Walmart Labs’ Spark application would run as expected one time, then generate “garbage” the next time around, Walmart Labs Distinguished Data Scientist and Director of Data Science John Bowman told an audience at Nvidia‘s GPU Technology Conference.
“So when this sort of thing happens, naturally we suspect some sort of memory leak somewhere,” he said. “But we couldn’t find it and we couldn’t figure out a way of working around it.”
Bowman said his team spent over six weeks attempting to debug and restructure the Spark code, but could not get it to work, and so the group ported the Spark code to Nvidia’s RAPIDS environment and ran it on a GPU cluster instead. That system generated the same quality of forecast as the Spark system, but without the random cluster errors, and will be implemented across the company’s entire U.S. operations by the end of the year, Bowman said.

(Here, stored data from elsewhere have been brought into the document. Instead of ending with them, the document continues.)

(* Consider the convex problem $\mathcal{P}_n$ described in the context, and let $(\mathbf{V}_0^\ast,\{\mathbf{V}_k^\ast\},\boldsymbol{\Lambda}^\ast,\dots,\omega^\ast)$ be an optimal solution together with optimal Lagrange multipliers satisfying the KKT conditions (K2), (K4), (K5) of the context with $\psi_4^{k\ast}>0$. If $\mathrm{rank}(\mathbf{V}_k^\ast)>1$ for some $k\in\mathcal{K}$, then there exists a rank-one positive semidefinite matrix $\hat{\mathbf{V}}_k$ with $\mathbf{V}_k^\ast-\hat{\mathbf{V}}_k\succeq 0$ such that the point obtained from the optimal solution by replacing $\mathbf{V}_k^\ast$ with $\hat{\mathbf{V}}_k$ and $\boldsymbol{\Lambda}^\ast$ with $\hat{\boldsymbol{\Lambda}}=\boldsymbol{\Lambda}^\ast+(\mathbf{V}_k^\ast-\hat{\mathbf{V}}_k)$ (keeping $\mathbf{V}_0^\ast$ and all other variables unchanged) is feasible for $\mathcal{P}_n$ and attains the same objective value; here $\mathbf{V}_k^\ast-\hat{\mathbf{V}}_k$ is a nonnegative combination of projections onto an orthonormal basis of the null space of $\mathbf{Y}_k^\ast$ (the matrix $\mathbf{Y}_k$ evaluated at the optimal multipliers).
   Context: Setting. Let $N,L,K,Z$ be positive integers and write $\mathcal{L}=\{1,\dots,L\}$, $\mathcal{K}=\{1,\dots,K\}$, $\mathcal{Z}=\{1,\dots,Z\}$. Given are row vectors $\mathbf{g}_l\in\mathbb{C}^{1\times N}$ ($l\in\mathcal{L}$; fronthaul channels from an $N$-antenna central processor to $L$ base stations), $\bar{\mathbf{h}}_k\in\mathbb{C}^{1\times L}$ ($k\in\mathcal{K}$; equivalent user channels) and $\bar{\mathbf{h}}^{e}_z\in\mathbb{C}^{1\times L}$ ($z\in\mathcal{Z}$; equivalent eavesdropper channels). Set $\mathbf{G}_l=\mathbf{g}_l^H\mathbf{g}_l$, $\bar{\mathbf{H}}_k=\bar{\mathbf{h}}_k^H\bar{\mathbf{h}}_k$, $\bar{\mathbf{H}}^e_z=(\bar{\mathbf{h}}^e_z)^H\bar{\mathbf{h}}^e_z$. Given are positive constants $W_{mm},W_{mc},N_0,P^{BS}_{\max},P^{AC}_{\max}$, $\eta=W_{mc}/W_{mm}$, and iteration constants $\beta_k^{[n]}>0$, $\varepsilon_k^{[n]}>0$, $\lambda_k^{[n]}\in\mathbb{R}$, $\tau_k^{[n]}>-1$ ($k\in\mathcal{K}$), $\mu_k^{z[n]}\in\mathbb{R}$, $\gamma_k^{z[n]}>-1$ ($k\in\mathcal{K},z\in\mathcal{Z}$). All logarithms are natural. Problem $\mathcal{P}_n$ (the rank-relaxed convex subproblem at iteration $n$). Variables: Hermitian $\mathbf{V}_0\in\mathbb{C}^{N\times N}$, Hermitian $\mathbf{V}_k\in\mathbb{C}^{L\times L}$ ($k\in\mathcal{K}$), Hermitian $\boldsymbol{\Lambda}\in\mathbb{C}^{L\times L}$, and real scalars $\varepsilon_k,\beta_k,\tau_k,\theta_k,\lambda_k$ ($k\in\mathcal{K}$), $\gamma_k^z,\zeta_k^z,\mu_k^z$ ($k\in\mathcal{K},z\in\mathcal{Z}$), $\omega$. Objective (to maximize): $\sum_{k=1}^K W_{mm}\big[\log(1+\beta_k)-\log(1+\gamma_k^{z[n]})-\frac{\gamma_k^z-\gamma_k^{z[n]}}{1+\gamma_k^{z[n]}}\big]$, which depends only on the scalar variables $\beta_k,\gamma_k^z$. Constraints, for all $k\in\mathcal{K}$, $z\in\mathcal{Z}$, $l\in\mathcal{L}$: (C1) $\sum_{k=1}^K\mathrm{Tr}(\mathbf{V}_k)+\mathrm{Tr}(\boldsymbol{\Lambda})\le P^{BS}_{\max}$; (C2) $\mathrm{Tr}(\mathbf{V}_0)\le P^{AC}_{\max}$; (C3) $\mathbf{V}_0\succeq 0$, $\mathbf{V}_k\succeq 0$, $\boldsymbol{\Lambda}\succeq 0$; (C4) $\varepsilon_k\ge\sum_{i\ne k}\mathrm{Tr}(\bar{\mathbf{H}}_k\mathbf{V}_i)+\mathrm{Tr}(\bar{\mathbf{H}}_k\boldsymbol{\Lambda})+W_{mm}N_0$; (C5) $\frac{\beta_k^{[n]}}{2\varepsilon_k^{[n]}}\varepsilon_k^2+\frac{\varepsilon_k^{[n]}}{2\beta_k^{[n]}}\beta_k^2\le\mathrm{Tr}(\bar{\mathbf{H}}_k\mathbf{V}_k)$; (C6) $\mathrm{Tr}(\bar{\mathbf{H}}^e_z\mathbf{V}_k)-\gamma_k^zW_{mm}N_0\le\zeta_k^z$; (C7) $\zeta_k^z\le 2\mu_k^{z[n]}\mu_k^z-(\mu_k^{z[n]})^2$; (C8) $\begin{bmatrix}\gamma_k^z&\mu_k^z\\ \mu_k^z&\sum_{i\ne k}\mathrm{Tr}(\bar{\mathbf{H}}^e_z\mathbf{V}_i)+\mathrm{Tr}(\bar{\mathbf{H}}^e_z\boldsymbol{\Lambda})\end{bmatrix}\succeq 0$; (C9) $\mathrm{Tr}(\mathbf{G}_l\mathbf{V}_0)\ge W_{mc}N_0(e^{\omega/\eta}-1)$ (equivalently $\omega\le\eta\log(1+\mathrm{Tr}(\mathbf{G}_l\mathbf{V}_0)/(W_{mc}N_0))$); (C10) $\mathrm{Tr}(\bar{\mathbf{H}}_k\mathbf{V}_k)-\tau_kW_{mm}N_0\le\theta_k$; (C11) $\theta_k\le 2\lambda_k^{[n]}\lambda_k-(\lambda_k^{[n]})^2$; (C12) $\begin{bmatrix}\tau_k&\lambda_k\\ \lambda_k&\sum_{i\ne k}\mathrm{Tr}(\bar{\mathbf{H}}_k\mathbf{V}_i)+\mathrm{Tr}(\bar{\mathbf{H}}_k\boldsymbol{\Lambda})\end{bmatrix}\succeq 0$; (C13) $\omega\ge\sum_{k=1}^K\big[\log(1+\tau_k^{[n]})+\frac{\tau_k-\tau_k^{[n]}}{1+\tau_k^{[n]}}\big]$. No rank constraint is imposed (SDP relaxation). Lagrange multipliers and KKT conditions. Associate nonnegative multipliers $\psi_1$ with (C1), $\psi_2$ with (C2), $\psi_3^k$ with (C4), $\psi_4^k$ with (C5), $\psi_5^{z,k}$ with (C6), $\psi_7^k$ with (C10), $\psi_9^l$ with (C9), positive semidefinite matrices $\boldsymbol{\Omega}_k$ with $\mathbf{V}_k\succeq 0$ ($k=0,\dots,K$), and, following the paper, nonnegative scalars $\psi_6^{z,k}$ and $\psi_8^k$ accounting for (C8) and (C12) through Lagrangian terms $\psi_6^{z,k}\big(\sum_{i\ne k}\mathrm{Tr}(\bar{\mathbf{H}}^e_z\mathbf{V}_i)+\mathrm{Tr}(\bar{\mathbf{H}}^e_z\boldsymbol{\Lambda})\big)$ and $\psi_8^k\big(\sum_{i\ne k}\mathrm{Tr}(\bar{\mathbf{H}}_k\mathbf{V}_i)+\mathrm{Tr}(\bar{\mathbf{H}}_k\boldsymbol{\Lambda})\big)$. For $k\in\mathcal{K}$ define $\mathbf{Y}_k=\psi_1\mathbf{I}+\sum_{i\ne k}(\psi_3^i-\psi_8^i)\bar{\mathbf{H}}_i+\sum_{z=1}^Z\big(\psi_5^{z,k}-\sum_{i\ne k}\psi_6^{z,i}\big)\bar{\mathbf{H}}^e_z+\psi_7^k\bar{\mathbf{H}}_k$. "Optimal Lagrange multipliers" are multipliers which, together with an optimal solution of $\mathcal{P}_n$, satisfy the KKT conditions, in particular: (K1) $\boldsymbol{\Omega}_0=\psi_2\mathbf{I}-\sum_{l=1}^L\psi_9^l\mathbf{G}_l$; (K2) $\boldsymbol{\Omega}_k=\mathbf{Y}_k-\psi_4^k\bar{\mathbf{H}}_k$, $k\in\mathcal{K}$; (K3) $\psi_9^l\big(\mathrm{Tr}(\mathbf{G}_l\mathbf{V}_0)-W_{mc}N_0(e^{\omega/\eta}-1)\big)=0$, $l\in\mathcal{L}$; (K4) $\boldsymbol{\Omega}_k\mathbf{V}_k=\mathbf{0}$, $k=0,\dots,K$; (K5) $\boldsymbol{\Omega}_k\succeq 0$, $k=0,\dots,K$. *)

theory Defs
  imports "HOL-Analysis.Analysis"
begin

definition herm :: "complex^'m^'m \<Rightarrow> bool" where
  "herm A \<longleftrightarrow> (\<chi> i j. cnj (A $ j $ i)) = A"

definition qform :: "complex^'m^'m \<Rightarrow> complex^'m \<Rightarrow> complex" where
  "qform A x = (\<Sum>i\<in>UNIV. \<Sum>j\<in>UNIV. cnj (x $ i) * A $ i $ j * x $ j)"

definition psd :: "complex^'m^'m \<Rightarrow> bool" where
  "psd A \<longleftrightarrow> herm A \<and> (\<forall>x. 0 \<le> Re (qform A x))"

text \<open>For a row vector h, the matrix h^H h.\<close>
definition gramr :: "complex^'m \<Rightarrow> complex^'m^'m" where
  "gramr h = (\<chi> i j. cnj (h $ i) * h $ j)"

definition outer :: "complex^'m \<Rightarrow> complex^'m^'m" where
  "outer u = (\<chi> i j. u $ i * cnj (u $ j))"

definition cinner :: "complex^'m \<Rightarrow> complex^'m \<Rightarrow> complex" where
  "cinner u v = (\<Sum>i\<in>UNIV. cnj (u $ i) * v $ i)"

definition orthonormal_set :: "(complex^'m) set \<Rightarrow> bool" where
  "orthonormal_set U \<longleftrightarrow> (\<forall>u\<in>U. \<forall>v\<in>U. cinner u v = (if u = v then 1 else 0))"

While Spark is ready for primetime in demanding production environment, it doesn’t mean there are no bugs in Spark, says Ali Ghodsi, who was an advisor to Spark creator Matei Zaharia at the UC Berkeley AMPLab, and is also the CEO of Databricks.
“There are millions of lines of code [in Spark] at this point,” Gohdsi says. “People are using it at massive scale. At Databricks, we are using it for many petabyte-sized data lakes. But Spark is not without bugs, and that’s why we need the community. The community keeps patching bugs that they find. And sometimes new bugs creep in. So it’s still a very fast development project with a big, active community.”
Apache Spark has been a huge success and will continue to be relied upon to process big data sets in the years to come. It’s clearly a case of the right technology being introduced at the right time to have a massive impact. However, like all technology created by humans, Spark is not perfect. Developers who understand Spark’s limitations will have a better chance of finding success in their projects.